Promotional single by Metallica

from the album ...And Justice for All
- B-side: "...And Justice for All (LP Version)"
- Released: September 6, 1988
- Recorded: January–May 1988
- Studio: One on One, Los Angeles
- Genre: Progressive metal; Thrash metal;
- Length: 9:46 (album version) 5:59 (radio edit)
- Label: Elektra
- Composers: James Hetfield; Lars Ulrich; Kirk Hammett;
- Lyricist: James Hetfield
- Producers: Flemming Rasmussen; James Hetfield; Lars Ulrich;

Metallica singles chronology
| "Harvester of Sorrow" (1988) | "...And Justice for All" (1988) | "Eye of the Beholder" (1988) |

= ...And Justice for All (song) =

"...And Justice for All" is a song by American heavy metal band Metallica. It is the second track on the band's album of the same name, and was released as a promotional single in 1988. Like the album it features on, it is named after the last four words of the Pledge of Allegiance.

== Music and lyrics ==
The main riff of the song is based on a drum pattern written by Lars Ulrich. Music critic Cosmo Lee said that it is "a linkage of blocks" rather than "a progressive opus", because "the song is mid-paced and very playable. None of the riffs are that technical."

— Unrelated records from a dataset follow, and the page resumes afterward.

(* Assume $\tau_1\tau_2\|K\|^2\le1/2$ and $\tau_1\le1/(2L)$, that $x_0\in[0,1]^n$ and $y_0\in\mathbb R_+^{m_1}\times\mathbb R^{m_2}$, and that $\Phi$ is bounded below by $\Phi_*$ (i.e., $\Phi(x,y)\ge\Phi_*$ for all $x,y$). For $k\ge1$ define the residuals \[s_k^x=\frac{x_{k-1}-x_k}{\tau_1}+\nabla_x\hat{\mathcal L}(x_k,y_k)-\nabla_x\hat{\mathcal L}(x_{k-1},y_k),\qquad s_k^y=\frac{y_{k-1}-y_k}{\tau_2}-\nabla_y\hat{\mathcal L}(x_k,y_k)+\nabla_y\hat{\mathcal L}(\bar x_{k-1},y_k).\] Then for every $N\ge1$ there exists $k_0\le N$ such that \[s^x_{k_0}\in\nabla_x\hat{\mathcal L}(x_{k_0},y_{k_0})+\partial h_1(x_{k_0}),\qquad s^y_{k_0}\in-\nabla_y\hat{\mathcal L}(x_{k_0},y_{k_0})+\partial h_2(y_{k_0}),\] and \[\|s^x_{k_0}\|+\|s^y_{k_0}\|\le2\left[\left(2\|K\|+\frac3{2\tau_1}\right)^2\tau_1+\frac1{\tau_2}\right]^{1/2}\left[\frac{\Phi(x_0,y_0)-\Phi_*}{N}+\frac{2}{\tau_1N}\sum_{k=1}^N\|x_{k-1}\|^2+4\tau_2\|r\|^2\right]^{1/2}.\]
   Context: Let $n,m_1,m_2$ be positive integers, $Q\in\mathbb R^{n\times n}$ symmetric, $c\in\mathbb R^n$, $A\in\mathbb R^{m_1\times n}$, $b\in\mathbb R^{m_1}$, $B\in\mathbb R^{m_2\times n}$, $d\in\mathbb R^{m_2}$. Let $K:=-\begin{pmatrix}A\\ B\end{pmatrix}$ and $r:=(b;d)$. Fix $\rho\ge0$ and let $\mathbf 1$ be the all-ones vector. Define $\hat{\mathcal L}(x,y):=\langle x,Qx\rangle+\langle c,x\rangle+\langle y,Kx+r\rangle+\rho\langle x,\mathbf 1-x\rangle$ (no convexity assumed), so $\nabla_x\hat{\mathcal L}(x,y)=c+\rho\mathbf 1+K^\top y+2Qx-2\rho x$ and $\nabla_y\hat{\mathcal L}(x,y)=Kx+r$. Let $Y:=\mathbb R_+^{m_1}\times\mathbb R^{m_2}$, $h_1$ the indicator of $[0,1]^n$, $h_2$ the indicator of $Y$ ($0$ on the set, $+\infty$ outside); $\partial h_1,\partial h_2$ denote their (convex) subdifferentials. $\Phi(x,y):=\hat{\mathcal L}(x,y)+h_1(x)-h_2(y)$. $L:=2(\|Q\|+\rho)$ with spectral norm. PDHG iterates with step sizes $\tau_1,\tau_2>0$: $x_{-1}:=x_0$, $\bar x_0:=x_0$, and for $k\ge1$: $y_k=\Pi_Y(y_{k-1}+\tau_2(K\bar x_{k-1}+r))$, $x_k=\Pi_{[0,1]^n}(x_{k-1}-\tau_1\nabla_x\hat{\mathcal L}(x_{k-1},y_k))$, $\bar x_k=2x_k-x_{k-1}$, with $\Pi$ the Euclidean projection. *)

theory Defs
  imports "HOL-Analysis.Analysis"
begin

definition Kop :: "real^'n^'m1 \<Rightarrow> real^'n^'m2 \<Rightarrow> real^'n \<Rightarrow> (real^'m1) \<times> (real^'m2)" where
  "Kop A B x = (- (A *v x), - (B *v x))"

definition KopT :: "real^'n^'m1 \<Rightarrow> real^'n^'m2 \<Rightarrow> (real^'m1) \<times> (real^'m2) \<Rightarrow> real^'n" where
  "KopT A B y = - (transpose A *v fst y + transpose B *v snd y)"

definition box01 :: "(real^'n) set" where
  "box01 = {x. \<forall>i. 0 \<le> x $ i \<and> x $ i \<le> 1}"
section \<open>The Gibbons-Tsarev system\<close>

locale gibbons_tsarev_system =
  fixes b q :: "real^'n \<Rightarrow> real" and lam mu gam :: "'n \<Rightarrow> real^'n \<Rightarrow> real"
    and U :: "(real^'n) set"
  assumes open_U: "open U"
    and smooth_b: "smooth_on U b" and smooth_mu: "\<And>i. smooth_on U (mu i)"
    and differentiable_q: "q differentiable_on U"
    and differentiable_lam: "\<And>i. lam i differentiable_on U"
    and differentiable_gam: "\<And>i. gam i differentiable_on U"
    and mu_nonzero: "\<And>i x. x \<in> U \<Longrightarrow> mu i x \<noteq> 0"
    and partial_q: "\<And>i x. x \<in> U \<Longrightarrow> partial q i x = lam i x / mu i x * partial b i x"
    and Ecoef_nonzero: "\<And>i j x. i \<noteq> j \<Longrightarrow> x \<in> U \<Longrightarrow> Ecoef b q lam mu gam i j x \<noteq> 0"
    and partial_lam: "\<And>i j x. i \<noteq> j \<Longrightarrow> x \<in> U \<Longrightarrow>
      partial (lam i) j x = (lam j x - lam i x) * Kcoef b q lam mu gam i j x"
    and partial_mu: "\<And>i j x. i \<noteq> j \<Longrightarrow> x \<in> U \<Longrightarrow>
      partial (mu i) j x = (mu j x - mu i x) * Kcoef b q lam mu gam i j x"
    and partial_gam: "\<And>i j x. i \<noteq> j \<Longrightarrow> x \<in> U \<Longrightarrow>
      partial (gam i) j x = (gam j x - gam i x) * Kcoef b q lam mu gam i j x"
    and partial_partial_b: "\<And>i j x. i \<noteq> j \<Longrightarrow> x \<in> U \<Longrightarrow>
      partial (partial b i) j x =
        (lam i x * (1 + mu j x / mu i x) - lam j x * (1 + mu i x / mu j x))
          / Ecoef b q lam mu gam i j x * partial b i x * partial b j x"
begin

"...And Justice for All" features lyrics about corruption in the government. The song title is the last four words of the Pledge of Allegiance. The lyrics refer to injustice, as "money tips [the] scales" of "Lady Justice". Especially during the chorus, "Pulling your strings, justice is done" as the ultimate symbol of a miscarried justice.

== Live performances ==

The song was performed live by the band during their Damaged Justice world tour in support of the parent album. After the tour, the band vowed to never play it again. Guitarist Kirk Hammett noted that the length of the songs was problematic for fans and for the band: "Touring behind it, we realized that the general consensus was that songs were too fucking long. One day after we played "Justice" and got off the stage one of us said, 'we're never fucking playing that song again. However, Metallica played the track in the opening show of the Sick of the Studio '07 tour, for the first time since October 1989, and made it a set-fixture for the remainder of that tour. When played live, the intro of the song is played as a recording due to the intro requiring three guitars. A statue of Lady Justice is commonly placed on the scene, to be torn down as the song approaches its conclusion. A live performance of the complete song appears on the DVD Orgullo, Pasión y Gloria, recorded in Mexico City during the World Magnetic Tour.

== Track listing ==

Promotional vinyl
| No. | Title | Length |
|---|---|---|
| 1. | "...And Justice for All" (Edit) | 5:59 |
| 2. | "...And Justice for All" (LP Version) | 9:46 |

== Video games ==

The song is featured in the Metallica 3-Pack that is downloadable content for the music video game Rock Band 3. It was made available to download on March 1, 2011, in an updated version for use in Rock Band 3 Pro mode which takes advantage of the use of a real guitar / bass guitar, along with standard MIDI-compatible electronic drum kits in addition to vocals.

== Personnel ==

Credits adapted from the parent album's liner notes.

Metallica

- James Hetfield – vocals, rhythm guitar, harmony guitar, production
- Kirk Hammett – lead guitar
- Jason Newsted – bass
- Lars Ulrich – drums, production

Technical Personnel

- Flemming Rasmussen – production, engineering
- Toby "Rage" Wright – assistant and additional engineering
- Steve Thompson, Michael Barbiero – mixing
- George Cowan – assistant mixing engineer
- Bob Ludwig – mastering
- George Marino – 1995 remastering
- Reuben Cohen – 2018 remastering

Artwork

- James Hetfield, Lars Ulrich – cover concept
- Stephen Gorman – cover illustration
- Ross "Tobacco Road" Halfin – photography
- Pushead – hammer illustration
- Reiner Design Consultants, Inc. – design, layout

== Certifications ==

Certifications for "...And Justice for All"
| Region | Certification | Certified units/sales |
| United States (RIAA) | Gold | 500,000^{‡} |
^{‡} Sales+streaming figures based on certification alone.